杜青讥讽出声:“一对一你也打不过杜某,我承认你的软剑刁钻诡异,但在杜某看来,不过是旁门左道尔!

杜某百招之内便能送你去投胎!”

东郭泰冷哼一声:“呵,说多无益有种便来,老夫看你如何百招杀我!

前夜算你命大,老夫今日定取你狗命!”

“杜兄,你与他废什么话,单打独斗浪费力气。”

杜青正欲再答,姜远拿过喇叭,喝道:

“东郭泰,你那三脚猫功夫就别出来丢人现眼,你教出来的徒弟是个废物,你也强不了多少!

本侯只说一句,尔等降或者死!”

东郭泰听得姜远不仅羞辱他弟子,还骂他是废物,额头青筋根根暴起。

“好大的口气!有种不要仗着人多,下来单打独斗,看看谁是废物!”

东郭泰虽怒,却并未失了理智,他终究是讲义气的,想激杜青出来单打独斗,以给手下兄弟制造逃命的机会。

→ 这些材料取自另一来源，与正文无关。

lemma uniquely_addressed_unique_coding:
  assumes "uniquely_addressed x" shows "\<exists>!s. s \<in> Dinf D \<and> coding N F s = x"
proof -
  obtain s xs where s: "\<forall>k. s k \<in> D" and x: "xs 0 = x" and in_F: "\<And>k. xs k \<in> F"
    and chain: "\<And>k. xs k = phi N (s k) (xs (Suc k))"
    and unique: "\<And>k i. i \<in> D \<Longrightarrow> xs k \<in> phi N i ` F \<Longrightarrow> i = s k"
    using assms unfolding uniquely_addressed_def by blast
  have s_D: "s \<in> Dinf D" using s by (simp add: Dinf_def)
  have "comp N s k (xs k) = x" for k
    by (induction k) (auto simp: x chain[symmetric])
  then have "x \<in> comp N s k ` F" for k using in_F by (metis image_eqI)
  then have "coding N F s = x" by (rule coding_eqI[OF s_D])
  moreover have "t = s" if t: "t \<in> Dinf D" "coding N F t = x" for t
  proof
    fix n
    have "xs 0 \<in> comp N t m ` F" for m using coding_in_cylinder[OF t(1)] t(2) x by simp
    from address_chain_digits[where xs = xs and s = s and j = 0, OF chain unique t(1) this]
    show "t n = s n" by simp
  qed
  ultimately show ?thesis using s_D by blast
qed

lemma connected_cell_minus:
  assumes "c \<in> phi N i ` F" "connected (F - {phi_inv N i c})"
  shows "connected (phi N i ` F - {c})"
proof -
  have "phi N i ` (F - {phi_inv N i c}) = phi N i ` F - {c}"
    using image_set_diff[OF inj_phi[OF N_pos]] N_pos by simp
  then show ?thesis
    using connected_continuous_image[OF continuous_on_phi[of _ N i] assms(2)] by simp
qed

lemma connected_cell_minus_outside:
  "c \<notin> phi N i ` F \<Longrightarrow> connected F \<Longrightarrow> connected (phi N i ` F - {c})"
  using connected_continuous_image[OF continuous_on_phi] by simp

lemma cut_point_cell_partition:
  assumes F: "connected F" and cut: "cut_point F c"
    and cells: "\<And>i. i \<in> D \<Longrightarrow> connected (phi N i ` F - {c})"
  obtains D1 D2 where "D1 \<union> D2 = D" "D1 \<inter> D2 = {}" "D1 \<noteq> {}" "D2 \<noteq> {}"
    "(\<Union>i\<in>D1. phi N i ` F) \<inter> (\<Union>i\<in>D2. phi N i ` F) = {c}"
proof -
  obtain A B where AB: "open A" "open B" "F - {c} \<subseteq> A \<union> B" "A \<inter> B \<inter> (F - {c}) = {}"
    "A \<inter> (F - {c}) \<noteq> {}" "B \<inter> (F - {c}) \<noteq> {}"
    using cut unfolding cut_point_def connected_def by blast
  have side: "phi N i ` F - {c} \<subseteq> A \<or> phi N i ` F - {c} \<subseteq> B" if i: "i \<in> D" for i
  proof -
    have sub: "phi N i ` F - {c} \<subseteq> F - {c}" using cell_subset[OF i] by blast
    have "A \<inter> (phi N i ` F - {c}) = {} \<or> B \<inter> (phi N i ` F - {c}) = {}"
      by (rule connectedD[OF cells[OF i] AB(1,2)]) (use sub AB(3,4) in blast)+
    then show ?thesis using sub AB(3) by blast
  qed
  define D1 where "D1 = {i\<in>D. phi N i ` F - {c} \<subseteq> A}"
  define D2 where "D2 = D - D1"
  let ?U1 = "\<Union>i\<in>D1. phi N i ` F" and ?U2 = "\<Union>i\<in>D2. phi N i ` F"
  have U1_A: "?U1 - {c} \<subseteq> A" unfolding D1_def by blast
  have U2_B: "?U2 - {c} \<subseteq> B" using side unfolding D1_def D2_def by blast
  have partition: "D1 \<union> D2 = D" "D1 \<inter> D2 = {}" unfolding D2_def D1_def by blast+
  have "F = ?U1 \<union> ?U2" unfolding UN_Un[symmetric] partition(1) by (rule F_eq)
  then have U_F: "?U1 \<subseteq> F" "?U2 \<subseteq> F" "F \<subseteq> ?U1 \<union> ?U2" by blast+
  have "?U1 \<inter> ?U2 \<subseteq> {c}" using U1_A U2_B U_F(1) AB(4) by blast
  moreover have "D1 \<noteq> {}"
  proof
    assume "D1 = {}"
    then have "F - {c} \<subseteq> B" using U_F(3) U2_B by auto
    then show False using AB(4,5) by blast
  qed
  moreover have "D2 \<noteq> {}"
  proof
    assume "D2 = {}"
    then have "F - {c} \<subseteq> A" using U_F(3) U1_A by auto
    then show False using AB(4,6) by blast
  qed
  moreover have "?U1 \<inter> ?U2 \<noteq> {}"
  proof
    assume "?U1 \<inter> ?U2 = {}"
    then have disj: "?U1 \<inter> ?U2 \<inter> F = {}" by blast
    have fin: "finite D1" "finite D2" using finite_D unfolding D1_def D2_def by auto
    have "closed ?U1" "closed ?U2"
      using fin by (auto intro!: compact_imp_closed compact_cell)
    from connected_closedD[OF F disj U_F(3) this] show False
      using \<open>D1 \<noteq> {}\<close> \<open>D2 \<noteq> {}\<close> U_F(1,2) F_nonempty by blast
  qed
  ultimately show ?thesis using that[OF partition] by blast
qed

lemma cut_point_phi_inv_single_cell:
  assumes F: "connected F" and cut: "cut_point F c" and i: "i \<in> D" "c \<in> phi N i ` F"
    and single: "\<And>j. j \<in> D \<Longrightarrow> c \<in> phi N j ` F \<Longrightarrow> j = i"
  shows "cut_point F (phi_inv N i c)"
proof -
  have "\<not> connected (F - {phi_inv N i c})"
  proof
    assume con: "connected (F - {phi_inv N i c})"
    have "connected (phi N j ` F - {c})" if j: "j \<in> D" for j
      using connected_cell_minus[OF i(2) con] connected_cell_minus_outside[OF _ F] single[OF j]
      by blast
    then obtain D1 D2 where "D1 \<union> D2 = D" "D1 \<inter> D2 = {}" "D1 \<noteq> {}" "D2 \<noteq> {}"
      "(\<Union>i\<in>D1. phi N i ` F) \<inter> (\<Union>i\<in>D2. phi N i ` F) = {c}"
      by (rule cut_point_cell_partition[OF F cut])
    then show False using single by blast
  qed
  then show ?thesis using phi_inv_in_F[OF i(2)] by (simp add: cut_point_def)
qed

lemma cut_point_phi_inv:
  assumes F: "connected F" and nf: "\<not> fragile N D F" and cut: "cut_point F c"
  obtains i where "i \<in> D" "c \<in> phi N i ` F" "cut_point F (phi_inv N i c)"
proof -
  have "\<exists>i\<in>D. c \<in> phi N i ` F \<and> cut_point F (phi_inv N i c)"
  proof (rule ccontr)
    assume none: "\<not> ?thesis"
    have "connected (phi N j ` F - {c})" if j: "j \<in> D" for j
    proof (cases "c \<in> phi N j ` F")
      case True
      then have "connected (F - {phi_inv N j c})"
        using none j phi_inv_in_F[OF True] by (auto simp: cut_point_def)
      then show ?thesis using connected_cell_minus[OF True] by blast
    qed (rule connected_cell_minus_outside[OF _ F])
    then obtain D1 D2 where "D1 \<union> D2 = D" "D1 \<inter> D2 = {}" "D1 \<noteq> {}" "D2 \<noteq> {}"
      "(\<Union>i\<in>D1. phi N i ` F) \<inter> (\<Union>i\<in>D2. phi N i ` F) = {c}"
      by (rule cut_point_cell_partition[OF F cut])
    then have "fragile N D F" unfolding fragile_def by blast
    with nf show False by simp
  qed
  then show thesis using that by blast
qed

definition on_square_boundary :: "pt \<Rightarrow> bool" where
  "on_square_boundary p \<longleftrightarrow> fst p = 0 \<or> fst p = 1 \<or> snd p = 0 \<or> snd p = 1"

definition square_corner :: "pt \<Rightarrow> bool" where
  "square_corner p \<longleftrightarrow> (fst p = 0 \<or> fst p = 1) \<and> (snd p = 0 \<or> snd p = 1)"

lemma phi_coordinates:
  assumes "c = phi N i q"
  shows "fst q + real (fst i) = real N * fst c" "snd q + real (snd i) = real N * snd c"
  using assms N_pos by (simp_all add: phi_def field_simps)

lemma phi_inv_two_cells_boundary:
  assumes ij: "i \<in> D" "j \<in> D" "i \<noteq> j" and c: "c \<in> phi N i ` F" "c \<in> phi N j ` F"
  shows "on_square_boundary (phi_inv N i c)"
proof -
  obtain q r where qr: "q \<in> F" "r \<in> F" "c = phi N i q" "c = phi N j r" using c by blast
  note bq = F_in_unit_square[OF qr(1)] and br = F_in_unit_square[OF qr(2)]
  have e1: "fst q + real (fst i) = fst r + real (fst j)"
    and e2: "snd q + real (snd i) = snd r + real (snd j)"
    using phi_coordinates[OF qr(3)] phi_coordinates[OF qr(4)] by simp_all
  have "fst i \<noteq> fst j \<or> snd i \<noteq> snd j" using ij(3) by (simp add: prod_eq_iff)
  then have "on_square_boundary q"
  proof
    assume "fst i \<noteq> fst j"
    then show ?thesis
      using distinct_digit_edge[OF bq(1,2) br(1,2) e1] by (auto simp: on_square_boundary_def)
  next
    assume "snd i \<noteq> snd j"
    then show ?thesis
      using distinct_digit_edge[OF bq(3,4) br(3,4) e2] by (auto simp: on_square_boundary_def)
  qed
  then show ?thesis using qr(3) N_pos by simp
qed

但不等他再开口,堵在院门外的樊解元已是不耐烦了,抬头叫道:

“这帮货色冥顽不灵,侯爷,弄死他们得了!”

姜远一点头:“好!好言难劝该死的鬼!火枪兵!射杀!”

宅院中的东郭泰听得这话,认出来了,那站在杜青身边的就是那什么侯爷。

所谓擒贼先擒王,要活命先杀王侯。

东郭泰猛的大喝一声,持了剑拔地而起,竟窜出二丈来高。

他脚尖在院墙上一点借了力后,不攻杜青先朝姜远扑来,竟快到了极致,手中的软剑如银龙,直奔姜远的咽喉而去。

“呵!杜某在此,尔敢!”

杜青一振剑鞘,青锋长剑弹射而出,发出一声清脆的龙吟之声,朝东郭泰的软剑撞去。

“当!”

一声金铁交鸣之声响起,杜青依如前晚那般,又用剑尖抵住了东郭泰的剑尖。

东郭泰却是借着这两剑相击之力,再次腾空而起,而后倒转身体,使了招人剑合一,从半空中直刺而下。

别看东郭泰年岁大,但这一招着实凌厉无比。

但没什么用,姜远的身后早已伸出十数把火枪瞄准了。

“砰砰砰…”

一阵枪声响起,从半空直刺而下的东郭泰,只觉脑袋当先一震,而后又觉似被无数炙热的钢针扎进脑子里。

东郭泰迎头撞上十几颗铅丸,哪还有得了好,真气顿时一泄,从空中掉落了下来摔在瓦片上,随后滚落下巷子里。

一方江湖枭雄连一句话都来不及说,便命丧黄泉,死得极为干脆。

而就在东郭泰被火枪打下来的同时,围在大宅四周的水卒齐动,弓箭与火枪齐射,还有震天雷砸进宅院。

在这等攻势面前,别管什么雷霆快矛手,还是水上漂、地里钻,又或是水狗、飞狼,全部不够看。

漕帮众人原本抱了杀一个够本,杀一双赚一个的想法,但在火器的碾压之下,他们都没能冲出宅院。

只消片刻功夫,宅院里便已是一地的尸首。

那陆上飞原本仗了轻功想跑,刚起个势就被乱箭射成了刺猬,还身中数十枪,真成了筛子。

临到咽气时,他却不怪官军,而是骂了句:

“东郭泰,我操你姥姥!”

东郭泰若是听他的,拉着那些货出海跑路,又怎会落得这个下场。

他怎能不恨。

杜青收了长剑,很有些高手独寂之感:

“其实,我是真想与那东郭泰单独过招的。

在这世间能遇上一个旗鼓相当的对手,是人生之幸,可惜了。”

姜远嘁了一声:“能一刀砍死,就绝不砍两刀,能撒石灰就不用沙子,能用枪就不用剑,能群殴就不单挑。

总之,能把敌人弄死就行,你还可惜上了。”

杜青摇头叹道:“你不行走江湖你不懂,你没站在武学巅峰,你体会不到什么是难求一败。”

姜远见得杜青这么装,一句话就让他破了防:

“你什么时候不被我高嫂子打得满头是包时,你再来与我说这个。”

“我发现你与蜀中的大熊猫差不多!”

杜青的脸顿时黑了,纵身一跃,飞过巷子落在那大宅中。

姜远有些不明所以:“什么意思!我怎就像那黑白大猫了?!”

姜远身后的顺子咧嘴道:“东家,大熊猫只知道笋啊!”

“我去!这厮不识好歹,又骂我!”

姜远骂骂咧咧的站起身来,也想往下跳,但见得太高了,  考虑到自己那点轻功,跳下去就得摔个狗吃屎,只得从一旁的梯子上爬下去。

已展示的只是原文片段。